## Supplied records
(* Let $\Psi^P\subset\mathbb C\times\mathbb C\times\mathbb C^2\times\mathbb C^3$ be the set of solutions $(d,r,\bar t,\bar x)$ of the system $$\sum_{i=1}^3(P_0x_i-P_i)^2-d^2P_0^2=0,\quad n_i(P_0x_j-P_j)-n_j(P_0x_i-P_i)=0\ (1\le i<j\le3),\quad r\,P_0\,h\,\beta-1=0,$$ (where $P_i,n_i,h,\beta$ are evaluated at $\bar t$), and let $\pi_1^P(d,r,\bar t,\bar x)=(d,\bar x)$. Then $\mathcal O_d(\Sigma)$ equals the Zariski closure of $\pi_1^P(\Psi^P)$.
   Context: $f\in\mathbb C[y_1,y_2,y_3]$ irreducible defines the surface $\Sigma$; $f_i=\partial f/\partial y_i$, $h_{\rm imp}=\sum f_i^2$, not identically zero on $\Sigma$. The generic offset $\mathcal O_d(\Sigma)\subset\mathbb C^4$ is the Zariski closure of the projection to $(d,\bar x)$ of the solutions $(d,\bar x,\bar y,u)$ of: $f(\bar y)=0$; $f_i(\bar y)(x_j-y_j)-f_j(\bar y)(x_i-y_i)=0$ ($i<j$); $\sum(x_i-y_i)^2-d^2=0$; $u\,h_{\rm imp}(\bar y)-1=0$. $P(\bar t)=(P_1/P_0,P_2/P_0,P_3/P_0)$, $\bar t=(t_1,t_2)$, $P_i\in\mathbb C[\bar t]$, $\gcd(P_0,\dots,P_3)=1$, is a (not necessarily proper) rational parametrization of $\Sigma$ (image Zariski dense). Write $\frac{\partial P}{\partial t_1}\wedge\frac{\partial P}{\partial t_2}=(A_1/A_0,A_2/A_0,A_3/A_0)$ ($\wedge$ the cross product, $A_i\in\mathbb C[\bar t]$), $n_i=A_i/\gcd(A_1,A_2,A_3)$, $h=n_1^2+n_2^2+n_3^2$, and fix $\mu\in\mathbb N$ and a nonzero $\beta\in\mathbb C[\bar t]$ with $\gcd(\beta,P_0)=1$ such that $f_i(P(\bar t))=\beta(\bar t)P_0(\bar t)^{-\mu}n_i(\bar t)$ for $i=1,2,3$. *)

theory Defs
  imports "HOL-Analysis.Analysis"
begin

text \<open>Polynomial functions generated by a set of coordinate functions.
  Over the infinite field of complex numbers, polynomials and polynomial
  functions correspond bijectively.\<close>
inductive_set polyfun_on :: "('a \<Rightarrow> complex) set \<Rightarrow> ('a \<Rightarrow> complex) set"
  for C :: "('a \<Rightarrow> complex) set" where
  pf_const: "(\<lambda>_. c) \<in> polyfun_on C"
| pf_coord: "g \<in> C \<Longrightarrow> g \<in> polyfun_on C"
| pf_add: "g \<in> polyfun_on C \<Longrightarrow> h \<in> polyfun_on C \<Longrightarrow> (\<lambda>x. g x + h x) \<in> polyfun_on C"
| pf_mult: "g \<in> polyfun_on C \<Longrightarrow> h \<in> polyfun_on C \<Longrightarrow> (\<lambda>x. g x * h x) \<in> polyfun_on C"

* * *

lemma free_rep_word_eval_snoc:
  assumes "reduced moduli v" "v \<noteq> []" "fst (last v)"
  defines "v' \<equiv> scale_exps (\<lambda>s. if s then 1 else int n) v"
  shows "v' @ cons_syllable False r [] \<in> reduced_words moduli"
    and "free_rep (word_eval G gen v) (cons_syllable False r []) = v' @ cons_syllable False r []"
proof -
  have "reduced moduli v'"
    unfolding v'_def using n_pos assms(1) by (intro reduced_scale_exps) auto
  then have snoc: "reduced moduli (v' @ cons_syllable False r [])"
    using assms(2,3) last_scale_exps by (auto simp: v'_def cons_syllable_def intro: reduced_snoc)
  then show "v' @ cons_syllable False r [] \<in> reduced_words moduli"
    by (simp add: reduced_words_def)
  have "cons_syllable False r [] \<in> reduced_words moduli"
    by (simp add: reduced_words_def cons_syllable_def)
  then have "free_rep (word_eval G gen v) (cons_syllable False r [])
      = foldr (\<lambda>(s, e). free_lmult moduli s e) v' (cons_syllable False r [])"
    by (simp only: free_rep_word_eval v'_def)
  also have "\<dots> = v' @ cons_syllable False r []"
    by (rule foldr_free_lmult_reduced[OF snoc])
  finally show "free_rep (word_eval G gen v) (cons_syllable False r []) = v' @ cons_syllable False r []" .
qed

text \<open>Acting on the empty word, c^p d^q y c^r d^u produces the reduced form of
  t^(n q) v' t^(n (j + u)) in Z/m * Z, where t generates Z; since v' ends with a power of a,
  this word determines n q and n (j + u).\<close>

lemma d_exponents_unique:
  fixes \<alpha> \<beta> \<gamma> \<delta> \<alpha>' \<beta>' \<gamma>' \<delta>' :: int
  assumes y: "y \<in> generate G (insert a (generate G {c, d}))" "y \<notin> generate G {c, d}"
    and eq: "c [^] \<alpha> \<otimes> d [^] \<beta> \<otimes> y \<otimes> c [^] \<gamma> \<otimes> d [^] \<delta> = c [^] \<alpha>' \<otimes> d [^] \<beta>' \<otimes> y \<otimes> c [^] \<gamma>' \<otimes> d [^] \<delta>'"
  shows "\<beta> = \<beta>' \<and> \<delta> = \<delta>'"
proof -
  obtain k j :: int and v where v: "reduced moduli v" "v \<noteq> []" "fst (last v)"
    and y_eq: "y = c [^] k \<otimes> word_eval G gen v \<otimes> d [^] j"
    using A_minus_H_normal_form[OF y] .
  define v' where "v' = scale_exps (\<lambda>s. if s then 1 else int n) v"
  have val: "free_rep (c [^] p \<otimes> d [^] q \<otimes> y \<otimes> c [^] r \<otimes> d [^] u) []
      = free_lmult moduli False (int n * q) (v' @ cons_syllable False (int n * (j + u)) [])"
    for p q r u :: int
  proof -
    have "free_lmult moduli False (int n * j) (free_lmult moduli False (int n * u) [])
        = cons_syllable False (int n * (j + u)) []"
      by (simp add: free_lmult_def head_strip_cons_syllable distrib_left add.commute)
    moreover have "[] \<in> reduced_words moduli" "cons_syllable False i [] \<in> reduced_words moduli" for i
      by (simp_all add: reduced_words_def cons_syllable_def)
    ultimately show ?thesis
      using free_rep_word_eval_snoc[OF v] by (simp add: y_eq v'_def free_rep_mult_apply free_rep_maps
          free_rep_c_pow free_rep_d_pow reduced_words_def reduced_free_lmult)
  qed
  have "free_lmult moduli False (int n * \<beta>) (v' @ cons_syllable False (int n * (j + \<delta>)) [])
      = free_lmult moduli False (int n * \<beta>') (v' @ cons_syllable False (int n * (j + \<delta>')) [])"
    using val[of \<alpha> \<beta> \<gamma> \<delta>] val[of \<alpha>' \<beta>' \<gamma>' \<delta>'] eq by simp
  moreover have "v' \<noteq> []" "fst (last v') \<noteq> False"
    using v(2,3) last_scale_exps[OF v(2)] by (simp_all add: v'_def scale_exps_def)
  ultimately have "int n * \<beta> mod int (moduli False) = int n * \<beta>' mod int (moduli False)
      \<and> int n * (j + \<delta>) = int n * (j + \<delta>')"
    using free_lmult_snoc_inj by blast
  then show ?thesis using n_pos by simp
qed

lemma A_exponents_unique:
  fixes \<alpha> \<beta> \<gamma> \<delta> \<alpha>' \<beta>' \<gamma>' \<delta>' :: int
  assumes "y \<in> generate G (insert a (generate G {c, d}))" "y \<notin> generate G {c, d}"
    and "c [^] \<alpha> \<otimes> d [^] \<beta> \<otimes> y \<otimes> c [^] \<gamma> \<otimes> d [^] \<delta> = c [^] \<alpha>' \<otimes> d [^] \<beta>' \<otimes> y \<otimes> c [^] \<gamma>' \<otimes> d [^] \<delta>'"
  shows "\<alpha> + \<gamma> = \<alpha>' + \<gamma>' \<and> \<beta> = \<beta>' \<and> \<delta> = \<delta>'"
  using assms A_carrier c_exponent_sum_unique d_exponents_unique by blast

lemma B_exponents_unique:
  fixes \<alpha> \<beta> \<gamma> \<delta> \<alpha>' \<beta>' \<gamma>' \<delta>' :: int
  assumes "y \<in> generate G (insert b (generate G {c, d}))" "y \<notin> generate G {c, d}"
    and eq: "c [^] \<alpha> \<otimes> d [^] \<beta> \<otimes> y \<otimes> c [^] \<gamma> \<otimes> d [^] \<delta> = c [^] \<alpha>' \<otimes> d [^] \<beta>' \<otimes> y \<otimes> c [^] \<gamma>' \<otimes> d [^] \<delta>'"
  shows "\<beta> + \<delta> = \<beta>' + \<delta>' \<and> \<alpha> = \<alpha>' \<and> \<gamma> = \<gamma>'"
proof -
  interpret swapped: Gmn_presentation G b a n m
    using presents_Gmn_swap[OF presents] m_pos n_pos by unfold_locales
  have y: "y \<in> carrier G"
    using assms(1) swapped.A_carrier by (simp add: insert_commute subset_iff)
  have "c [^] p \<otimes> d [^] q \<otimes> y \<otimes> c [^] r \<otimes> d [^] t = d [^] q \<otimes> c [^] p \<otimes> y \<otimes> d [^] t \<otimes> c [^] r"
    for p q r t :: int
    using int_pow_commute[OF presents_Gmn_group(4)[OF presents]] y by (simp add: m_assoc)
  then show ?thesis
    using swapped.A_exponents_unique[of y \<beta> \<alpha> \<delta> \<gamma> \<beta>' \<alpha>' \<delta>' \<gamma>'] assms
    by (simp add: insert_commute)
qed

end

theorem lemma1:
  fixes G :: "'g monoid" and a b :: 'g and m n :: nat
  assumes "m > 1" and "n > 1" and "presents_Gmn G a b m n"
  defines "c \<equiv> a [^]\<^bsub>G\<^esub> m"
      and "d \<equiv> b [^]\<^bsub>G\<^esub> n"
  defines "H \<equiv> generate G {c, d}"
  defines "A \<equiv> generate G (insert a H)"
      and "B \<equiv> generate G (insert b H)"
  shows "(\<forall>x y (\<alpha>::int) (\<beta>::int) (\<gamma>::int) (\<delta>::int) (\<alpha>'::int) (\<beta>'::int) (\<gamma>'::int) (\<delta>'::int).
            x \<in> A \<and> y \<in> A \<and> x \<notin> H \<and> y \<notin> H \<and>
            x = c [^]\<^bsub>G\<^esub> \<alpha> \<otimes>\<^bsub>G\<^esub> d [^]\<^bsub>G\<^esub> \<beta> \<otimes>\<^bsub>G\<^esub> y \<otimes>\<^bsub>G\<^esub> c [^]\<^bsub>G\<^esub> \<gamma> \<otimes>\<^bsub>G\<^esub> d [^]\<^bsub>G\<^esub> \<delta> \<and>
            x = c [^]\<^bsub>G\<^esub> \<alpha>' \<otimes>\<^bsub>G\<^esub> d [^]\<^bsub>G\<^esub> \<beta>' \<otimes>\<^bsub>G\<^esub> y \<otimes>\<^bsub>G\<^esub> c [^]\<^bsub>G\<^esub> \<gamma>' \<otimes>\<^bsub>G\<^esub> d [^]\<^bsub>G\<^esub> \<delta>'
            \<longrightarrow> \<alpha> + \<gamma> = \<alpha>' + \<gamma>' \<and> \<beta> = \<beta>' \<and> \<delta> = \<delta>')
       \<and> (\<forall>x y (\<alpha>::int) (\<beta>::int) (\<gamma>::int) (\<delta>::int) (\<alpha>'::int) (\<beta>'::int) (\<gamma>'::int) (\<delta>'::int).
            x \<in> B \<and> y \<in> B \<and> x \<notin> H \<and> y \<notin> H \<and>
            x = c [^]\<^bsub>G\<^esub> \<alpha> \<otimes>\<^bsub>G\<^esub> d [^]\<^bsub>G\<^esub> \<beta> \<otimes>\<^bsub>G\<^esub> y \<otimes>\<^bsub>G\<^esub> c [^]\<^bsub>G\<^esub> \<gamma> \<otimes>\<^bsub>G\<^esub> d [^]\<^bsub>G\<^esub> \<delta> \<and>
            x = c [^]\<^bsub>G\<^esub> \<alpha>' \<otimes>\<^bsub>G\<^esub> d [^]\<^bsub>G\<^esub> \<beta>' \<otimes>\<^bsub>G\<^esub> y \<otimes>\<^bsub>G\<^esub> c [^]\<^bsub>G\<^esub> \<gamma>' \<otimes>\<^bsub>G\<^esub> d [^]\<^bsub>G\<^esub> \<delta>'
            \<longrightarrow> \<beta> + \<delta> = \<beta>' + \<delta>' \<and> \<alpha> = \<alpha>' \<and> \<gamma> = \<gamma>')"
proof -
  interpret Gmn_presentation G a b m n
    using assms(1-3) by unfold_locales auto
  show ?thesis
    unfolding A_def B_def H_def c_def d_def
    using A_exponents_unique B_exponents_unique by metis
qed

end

## Exercise prompt
Check every line of the records above for the string "complex". Copy those that hold it.

## Solution below
  Over the infinite field of complex numbers, polynomials and polynomial
inductive_set polyfun_on :: "('a \<Rightarrow> complex) set \<Rightarrow> ('a \<Rightarrow> complex) set"
  for C :: "('a \<Rightarrow> complex) set" where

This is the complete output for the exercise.